Hanseatisches Oberlandesgericht Hamburg 11. Zivilsenat, 2025-07-28, 11 U 156/24

11 U 156/24Obergericht / Civil Chamber 1128.07.2025

Gesamter Gesetzestext

Hanseatisches Oberlandesgericht Hamburg 11. Zivilsenat — 11 U 156/24 — Beschluss

Entscheidungsdatum: 2025-07-28

Aktenzeichen: 11 U 156/24

ECLI: ECLI:DE:OLGHH:2025:0728.11U156.24.00

Dokumenttyp: Beschluss

Tenor

Der Senat beabsichtigt, die Berufung der Klägerin gegen das Urteil des Landgerichts Hamburg vom 29. November 2024, Az. 404 HKO 24/24, durch einstimmigen Beschluss gemäß § 522 Abs. 2 ZPO zurückzuweisen.

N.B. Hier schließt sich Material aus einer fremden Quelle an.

definition cswap :: "('o, 'm, 'x) ccat_scheme \<Rightarrow> 'o \<Rightarrow> 'o \<Rightarrow> 'm" where
  "cswap C A B = c_pair C (c_pi2 C A B) (c_pi1 C A B)"

record ('o, 'm) cmonad =
  T_ob  :: "'o \<Rightarrow> 'o"
  T_ar  :: "'m \<Rightarrow> 'm"
  m_eta :: "'o \<Rightarrow> 'm"
  m_mu  :: "'o \<Rightarrow> 'm"
  m_nab :: "'o \<Rightarrow> 'o \<Rightarrow> 'm"

definition monad :: "('o, 'm, 'x) ccat_scheme \<Rightarrow> ('o, 'm, 'y) cmonad_scheme \<Rightarrow> bool" where
  "monad C M \<longleftrightarrow>
     (\<forall>A\<in>c_ob C. T_ob M A \<in> c_ob C)
   \<and> (\<forall>A B f. f \<in> c_hom C A B \<longrightarrow> T_ar M f \<in> c_hom C (T_ob M A) (T_ob M B))
   \<and> (\<forall>A\<in>c_ob C. T_ar M (c_id C A) = c_id C (T_ob M A))
   \<and> (\<forall>A B D f g. f \<in> c_hom C A B \<longrightarrow> g \<in> c_hom C B D \<longrightarrow>
        T_ar M (c_cmp C g f) = c_cmp C (T_ar M g) (T_ar M f))
   \<and> (\<forall>A\<in>c_ob C. m_eta M A \<in> c_hom C A (T_ob M A)
                 \<and> m_mu M A \<in> c_hom C (T_ob M (T_ob M A)) (T_ob M A))
   \<and> (\<forall>A B f. f \<in> c_hom C A B \<longrightarrow>
        c_cmp C (T_ar M f) (m_eta M A) = c_cmp C (m_eta M B) f
      \<and> c_cmp C (T_ar M f) (m_mu M A) = c_cmp C (m_mu M B) (T_ar M (T_ar M f)))
   \<and> (\<forall>A\<in>c_ob C.
        c_cmp C (m_mu M A) (m_eta M (T_ob M A)) = c_id C (T_ob M A)
      \<and> c_cmp C (m_mu M A) (T_ar M (m_eta M A)) = c_id C (T_ob M A)
      \<and> c_cmp C (m_mu M A) (T_ar M (m_mu M A)) = c_cmp C (m_mu M A) (m_mu M (T_ob M A)))"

Die Klägerin erhält Gelegenheit zur Stellungnahme binnen drei Wochen.

Gründe

1 Die Berufung hat offensichtlich keine Aussicht auf Erfolg, der Rechtssache kommt keine grundsätzliche Bedeutung zu und weder die Fortbildung des Rechts noch die Sicherung einer einheitlichen Rechtsprechung erfordern eine Entscheidung des Berufungsgerichts durch Urteil; eine mündliche Verhandlung ist auch sonst nicht geboten.

2 I. Zu Recht hat das Landgericht die Klage in Bezug auf den Beschluss unter TOP 3 der Gläubigerversammlung der … Holding AG i.L. vom 9. Februar 2024 abgewiesen und der Widerklage stattgegeben. Die Einwendungen der Klägerin in der Berufungsbegründung geben dem Senat keinen Anlass, diese Entscheidung abzuändern.

3 1. Die Bestellung der … Trust GmbH zur gemeinsamen Vertreterin der Anleihegläubiger der … Holding AG i.L. war schon deshalb zulässig, weil es keinen gemeinsamen Vertreter mehr gab. Entgegen der Auffassung der Klägerin war das Amt der gemeinsamen Vertreterin, das zunächst die … … … … GmbH (…) innehatte, nicht im Rahmen der Anwachsung des Vermögens der … GmbH & Co KG, in die die … zunächst umgewandelt worden war, auf die … … …Services S.à.r.l. (… Schweiz) übergegangen.

4 Dabei kann die ausführlich diskutierte Frage offenbleiben, ob auf die vorliegende Gesamtrechtsnachfolge mit dem Landgericht § 673 S. 1 BGB analog anzuwenden ist, oder - wie die Klägerin meint - § 20 Abs. 1 Nr. 1 UmwG Anwendung findet, denn in beiden Fällen würde die Anwachsung des Vermögens auf eine ausländische Gesellschaft nicht dazu führen, dass zugleich auch das Amt eines besonderen Vertreters übergeht. Das ebenso umfangreich diskutierte Urteil des Bundesgerichtshofs vom 21. Februar 2014 (V ZR 164/13) steht dieser Auffassung schon deshalb nicht entgegen, weil im dortigen Fall, in dem es um den Übergang des Amtes des WEG-Verwalters ging, die Verschmelzung auf eine inländische Gesellschaft erfolgt ist.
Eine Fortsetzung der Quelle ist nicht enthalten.